■ **EXERCISE DESCRIPTION**:
A line belongs in the answer if it contains "longleftrightarrow"; copy every such line from the entries below.
RECORD SET section start
(* Let $1 \leq n < \omega$, let $H$ be a set of ordinals, and let $\langle u_b \mid b \in [H]^n \rangle$ be a uniform $n$-dimensional $\Delta$-system, witnessed by an ordinal $\rho$ and sets $\langle \mathbf{r}_{\mathbf{m}} \mid \mathbf{m} \subseteq n \rangle$. Then: (1) for all $\mathbf{m} \subseteq n$ and all $a, b \in [H]^n$, if $a[\mathbf{m}] = b[\mathbf{m}]$, then $u_a[\mathbf{r}_{\mathbf{m}}] = u_b[\mathbf{r}_{\mathbf{m}}]$; (2) $\langle u_b \mid b \in [H]^n \rangle$ is an $n$-dimensional $\Delta$-system.
   Context: Natural numbers are von Neumann ordinals, so $n = \{0, \dots, n-1\}$. $[H]^k$ denotes the set of $k$-element subsets of $H$. For a set $u$ of ordinals, $\mathrm{otp}(u)$ is its order type; for $i < \mathrm{otp}(u)$, $u(i)$ is the unique $\alpha \in u$ with $\mathrm{otp}(u \cap \alpha) = i$; for $\mathbf{i} \subseteq \mathrm{otp}(u)$, $u[\mathbf{i}] := \{u(i) \mid i \in \mathbf{i}\}$. Sets of ordinals $a, b$ are aligned if $\mathrm{otp}(a) = \mathrm{otp}(b)$ and for every $\gamma \in a \cap b$, $\mathrm{otp}(a \cap \gamma) = \mathrm{otp}(b \cap \gamma)$. Let $\mathbf{r}(a,b) := \{ i < \mathrm{otp}(a) \mid a(i) \in b\}$. A family $\langle u_b \mid b \in [H]^n \rangle$ of sets of ordinals is a uniform $n$-dimensional $\Delta$-system, witnessed by an ordinal $\rho$ and sets $\mathbf{r}_{\mathbf{m}} \subseteq \rho$ ($\mathbf{m} \subseteq n$), if: (i) $\mathrm{otp}(u_b) = \rho$ for all $b \in [H]^n$; (ii) for all $a, b \in [H]^n$ and $\mathbf{m} \subseteq n$, if $a$ and $b$ are aligned with $\mathbf{r}(a,b) = \mathbf{m}$, then $u_a$ and $u_b$ are aligned with $\mathbf{r}(u_a, u_b) = \mathbf{r}_{\mathbf{m}}$; (iii) $\mathbf{r}_{\mathbf{m}_0 \cap \mathbf{m}_1} = \mathbf{r}_{\mathbf{m}_0} \cap \mathbf{r}_{\mathbf{m}_1}$ for all $\mathbf{m}_0, \mathbf{m}_1 \subseteq n$. A family of sets $\langle u_b \mid b \in [H]^n \rangle$ is an $n$-dimensional $\Delta$-system if there is a family of roots $\langle R^{\mathbf{m}}_a \mid \mathbf{m} \subseteq n,\ a \in [H]^{|\mathbf{m}|} \rangle$ such that for all $b, b' \in [H]^n$, if $b$ and $b'$ are aligned and $\mathbf{r}(b,b') = \mathbf{m}$, then $u_b \cap u_{b'} = R^{\mathbf{m}}_{b \cap b'}$. *)

theory Defs
  imports Main
begin

text \<open>Ordinals are modelled by elements of a type of class wellorder; an ordinal
  index i (of some wellorder type) stands for the ordinal order type of {..<i}.
  Natural numbers are used for the finite ordinals n = {..<n}.\<close>

definition otp_eq :: "'a::linorder set \<Rightarrow> 'b::linorder set \<Rightarrow> bool" where
  "otp_eq A B \<longleftrightarrow> (\<exists>f. bij_betw f A B \<and> (\<forall>x\<in>A. \<forall>y\<in>A. x < y \<longrightarrow> f x < f y))"

definition elem :: "'c::wellorder set \<Rightarrow> 'o::wellorder \<Rightarrow> 'c" where
  "elem u i = (THE x. x \<in> u \<and> otp_eq (u \<inter> {..<x}) {..<i})"

definition aligned :: "'c::wellorder set \<Rightarrow> 'c set \<Rightarrow> bool" where
  "aligned a b \<longleftrightarrow> otp_eq a b \<and>
     (\<forall>g \<in> a \<inter> b. otp_eq (a \<inter> {..<g}) (b \<inter> {..<g}))"

text \<open>r(a,b) = {i < otp(a) | a(i) \<in> b}, where ot is the order type of a.\<close>
definition rr :: "'o::wellorder \<Rightarrow> 'c::wellorder set \<Rightarrow> 'c set \<Rightarrow> 'o set" where
  "rr ot a b = {i. i < ot \<and> elem a i \<in> b}"

definition ksubsets :: "'a set \<Rightarrow> nat \<Rightarrow> 'a set set" where
  "ksubsets H k = {b. b \<subseteq> H \<and> finite b \<and> card b = k}"

definition uniform_delta_system ::
  "'a::wellorder set \<Rightarrow> nat \<Rightarrow> ('a set \<Rightarrow> 'c::wellorder set) \<Rightarrow> 'o::wellorder
     \<Rightarrow> (nat set \<Rightarrow> 'o set) \<Rightarrow> bool" where
  "uniform_delta_system H n u rho R \<longleftrightarrow>
     (\<forall>m. m \<subseteq> {..<n} \<longrightarrow> R m \<subseteq> {..<rho}) \<and>
     (\<forall>b \<in> ksubsets H n. otp_eq (u b) {..<rho}) \<and>
     (\<forall>a \<in> ksubsets H n. \<forall>b \<in> ksubsets H n. \<forall>m. m \<subseteq> {..<n} \<longrightarrow>
        aligned a b \<longrightarrow> rr n a b = m \<longrightarrow>
        aligned (u a) (u b) \<and> rr rho (u a) (u b) = R m) \<and>
     (\<forall>m0 m1. m0 \<subseteq> {..<n} \<longrightarrow> m1 \<subseteq> {..<n} \<longrightarrow> R (m0 \<inter> m1) = R m0 \<inter> R m1)"

definition delta_system ::
  "'a::wellorder set \<Rightarrow> nat \<Rightarrow> ('a set \<Rightarrow> 'c set) \<Rightarrow> bool" where
  "delta_system H n u \<longleftrightarrow>
     (\<exists>Root :: nat set \<Rightarrow> 'a set \<Rightarrow> 'c set.
        \<forall>b \<in> ksubsets H n. \<forall>b' \<in> ksubsets H n. \<forall>m. m \<subseteq> {..<n} \<longrightarrow>
          aligned b b' \<longrightarrow> rr n b b' = m \<longrightarrow> u b \<inter> u b' = Root m (b \<inter> b'))"

end

(*
  Suppose a and b agree on the positions m. Transform a into b one position at a time, from the
  top down: if a and b already agree above position j and, say, a(j) < b(j), then replacing a(j)
  by b(j) gives an increasing sequence c that is aligned with a and shares with it every position
  except j. By (ii), u_a and u_c agree on the positions r_(r(a,c)), and by (iii) the map m |-> r_m
  is monotone, so they agree on r_m. For (2), take as root R^m_x the set u_b[r_m]
  for any b with b[m] = x; by (1) it does not depend on the choice of b, and by (ii) it equals
  u_b \<inter> u_b' whenever b, b' are aligned with r(b,b') = m.
*)
theory Submission
  imports Defs
begin

lemma otp_eq_iff: "otp_eq A B \<longleftrightarrow> (\<exists>f. bij_betw f A B \<and> strict_mono_on A f)"
  unfolding otp_eq_def monotone_on_def by blast

lemma otp_eq_sym:
  fixes A :: "'a::linorder set" and B :: "'b::linorder set"
  assumes "otp_eq A B"
  shows "otp_eq B A"
proof -
  obtain f where f: "bij_betw f A B" "strict_mono_on A f"
    using assms unfolding otp_eq_iff by blast
  have "strict_mono_on B (inv_into A f)"
  proof (rule strict_mono_onI)
    fix x y assume "x \<in> B" "y \<in> B" "x < y"
    then show "inv_into A f x < inv_into A f y"
      using f strict_mono_on_less[OF f(2)] bij_betw_inv_into_right[OF f(1)]
        bij_betwE[OF bij_betw_inv_into[OF f(1)]] by metis
  qed
  then show ?thesis
    using bij_betw_inv_into[OF f(1)] unfolding otp_eq_iff by blast
qed

lemma otp_eq_trans:
  fixes A :: "'a::linorder set" and B :: "'b::linorder set" and C :: "'d::linorder set"
  assumes "otp_eq A B" "otp_eq B C"
  shows "otp_eq A C"
proof -
  obtain f g where f: "bij_betw f A B" "strict_mono_on A f" and g: "bij_betw g B C" "strict_mono_on B g"
    using assms unfolding otp_eq_iff by blast
  have "strict_mono_on A (g \<circ> f)"
    using f g by (intro strict_mono_onI) (auto simp: bij_betw_def dest: strict_mono_onD)
  then show ?thesis
    using bij_betw_trans[OF f(1) g(1)] unfolding otp_eq_iff by blast
qed

lemma otp_eq_image:
  fixes g :: "'a::linorder \<Rightarrow> 'b::linorder"
  assumes "strict_mono_on A g"
  shows "otp_eq A (g ` A)"
  using assms inj_on_imp_bij_betw strict_mono_on_imp_inj_on unfolding otp_eq_iff by blast

lemma strict_mono_on_into_self_ge:
  fixes f :: "'a::wellorder \<Rightarrow> 'a"
  assumes "strict_mono_on A f" "f ` A \<subseteq> A" "x \<in> A"
  shows "x \<le> f x"
  using assms(3)
proof (induction x rule: less_induct)
  case (less x)
  show ?case
  proof (rule ccontr)
    assume "\<not> x \<le> f x"
    then have "f x < x" by simp
    moreover have "f x \<in> A"
      using assms(2) less.prems by blast
    ultimately have "f (f x) < f x"
      using strict_mono_onD[OF assms(1)] less.prems by blast
    moreover have "f x \<le> f (f x)"
      using less.IH[OF \<open>f x < x\<close> \<open>f x \<in> A\<close>] .
    ultimately show False by simp
  qed
qed

lemma otp_eq_initial_segments_imp_eq:
  fixes S :: "'a::wellorder set"
  assumes "x \<in> S" "y \<in> S" "otp_eq (S \<inter> {..<x}) (S \<inter> {..<y})"
  shows "x = y"
proof -
  have no_shorter: False
    if eq: "otp_eq (S \<inter> {..<x}) (S \<inter> {..<y})" and "y < x" "y \<in> S" for x y
  proof -
    obtain f where f: "bij_betw f (S \<inter> {..<x}) (S \<inter> {..<y})" "strict_mono_on (S \<inter> {..<x}) f"
      using eq unfolding otp_eq_iff by blast
    have image: "f ` (S \<inter> {..<x}) = S \<inter> {..<y}"
      using f(1) by (simp add: bij_betw_def)
    have y: "y \<in> S \<inter> {..<x}"
      using that(2,3) by simp
    have "f ` (S \<inter> {..<x}) \<subseteq> S \<inter> {..<x}"
      using image that(2) by auto
    then have "y \<le> f y"
      using strict_mono_on_into_self_ge[OF f(2) _ y] by simp
    moreover have "f y < y"
      using image y by blast
    ultimately show False by simp
  qed
  show ?thesis
  proof (cases x y rule: linorder_cases)
    case less
    then show ?thesis using no_shorter[OF otp_eq_sym[OF assms(3)]] assms(1) by blast
  next
    case greater
    then show ?thesis using no_shorter[OF assms(3)] assms(2) by blast
  qed
qed

lemma elem_eqI:
  fixes A :: "'a::wellorder set" and i :: "'o::wellorder"
  assumes "x \<in> A" "otp_eq (A \<inter> {..<x}) {..<i}"
  shows "elem A i = x"
  unfolding elem_def
proof (rule the_equality)
  show "x \<in> A \<and> otp_eq (A \<inter> {..<x}) {..<i}"
    using assms by blast
next
  fix y assume y: "y \<in> A \<and> otp_eq (A \<inter> {..<y}) {..<i}"
  then have "otp_eq (A \<inter> {..<y}) (A \<inter> {..<x})"
    using otp_eq_trans otp_eq_sym[OF assms(2)] by blast
  then show "y = x"
    using otp_eq_initial_segments_imp_eq y assms(1) by blast
qed

lemma strict_mono_on_image_Int_lessThan:
  fixes g :: "'a::linorder \<Rightarrow> 'b::linorder"
  assumes "strict_mono_on A g" "x \<in> A"
  shows "g ` A \<inter> {..<g x} = g ` (A \<inter> {..<x})"
  using strict_mono_on_less[OF assms(1) _ assms(2)] by auto

lemma otp_eq_image_below:
  fixes g :: "'o::wellorder \<Rightarrow> 'a::linorder"
  assumes "strict_mono_on {..<r} g" "i < r"
  shows "otp_eq (g ` {..<r} \<inter> {..<g i}) {..<i}"
proof -
  have "g ` {..<r} \<inter> {..<g i} = g ` {..<i}"
    using strict_mono_on_image_Int_lessThan[OF assms(1)] assms(2) by (simp add: Int_absorb1)
  moreover have "{..<i} \<subseteq> {..<r}"
    using assms(2) by auto
  then have "otp_eq {..<i} (g ` {..<i})"
    using otp_eq_image monotone_on_subset[OF assms(1)] by blast
  ultimately show ?thesis
    using otp_eq_sym by simp
qed

lemma elem_image_lessThan:
  fixes g :: "'o::wellorder \<Rightarrow> 'a::wellorder"
  assumes "strict_mono_on {..<r} g" "i < r"
  shows "elem (g ` {..<r}) i = g i"
  using assms(2) by (intro elem_eqI[OF _ otp_eq_image_below[OF assms]]) auto

lemma elem_enumerates:
  fixes A :: "'a::wellorder set" and r :: "'o::wellorder"
  assumes "otp_eq A {..<r}"
  shows "strict_mono_on {..<r} (elem A)" "elem A ` {..<r} = A"
proof -
  obtain g where g: "bij_betw g {..<r} A" "strict_mono_on {..<r} g"
    using otp_eq_sym[OF assms] unfolding otp_eq_iff by blast
  have A: "A = g ` {..<r}"
    using g(1) by (simp add: bij_betw_def)
  have "elem A i = g i" if "i < r" for i
    using elem_image_lessThan[OF g(2) that] A by simp
  then show "strict_mono_on {..<r} (elem A)" "elem A ` {..<r} = A"
    using g(2) A by (auto simp: monotone_on_def)
qed

lemma otp_eq_below_elem:
  fixes A :: "'a::wellorder set" and r :: "'o::wellorder"
  assumes "otp_eq A {..<r}" "i < r"
  shows "otp_eq (A \<inter> {..<elem A i}) {..<i}"
  using otp_eq_image_below[OF elem_enumerates(1)[OF assms(1)] assms(2)]
  by (simp add: elem_enumerates(2)[OF assms(1)])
RECORD SET section end
■ **SOLUTION TO THE PROBLEM**:
  "otp_eq A B \<longleftrightarrow> (\<exists>f. bij_betw f A B \<and> (\<forall>x\<in>A. \<forall>y\<in>A. x < y \<longrightarrow> f x < f y))"
  "aligned a b \<longleftrightarrow> otp_eq a b \<and>
  "uniform_delta_system H n u rho R \<longleftrightarrow>
  "delta_system H n u \<longleftrightarrow>
lemma otp_eq_iff: "otp_eq A B \<longleftrightarrow> (\<exists>f. bij_betw f A B \<and> strict_mono_on A f)"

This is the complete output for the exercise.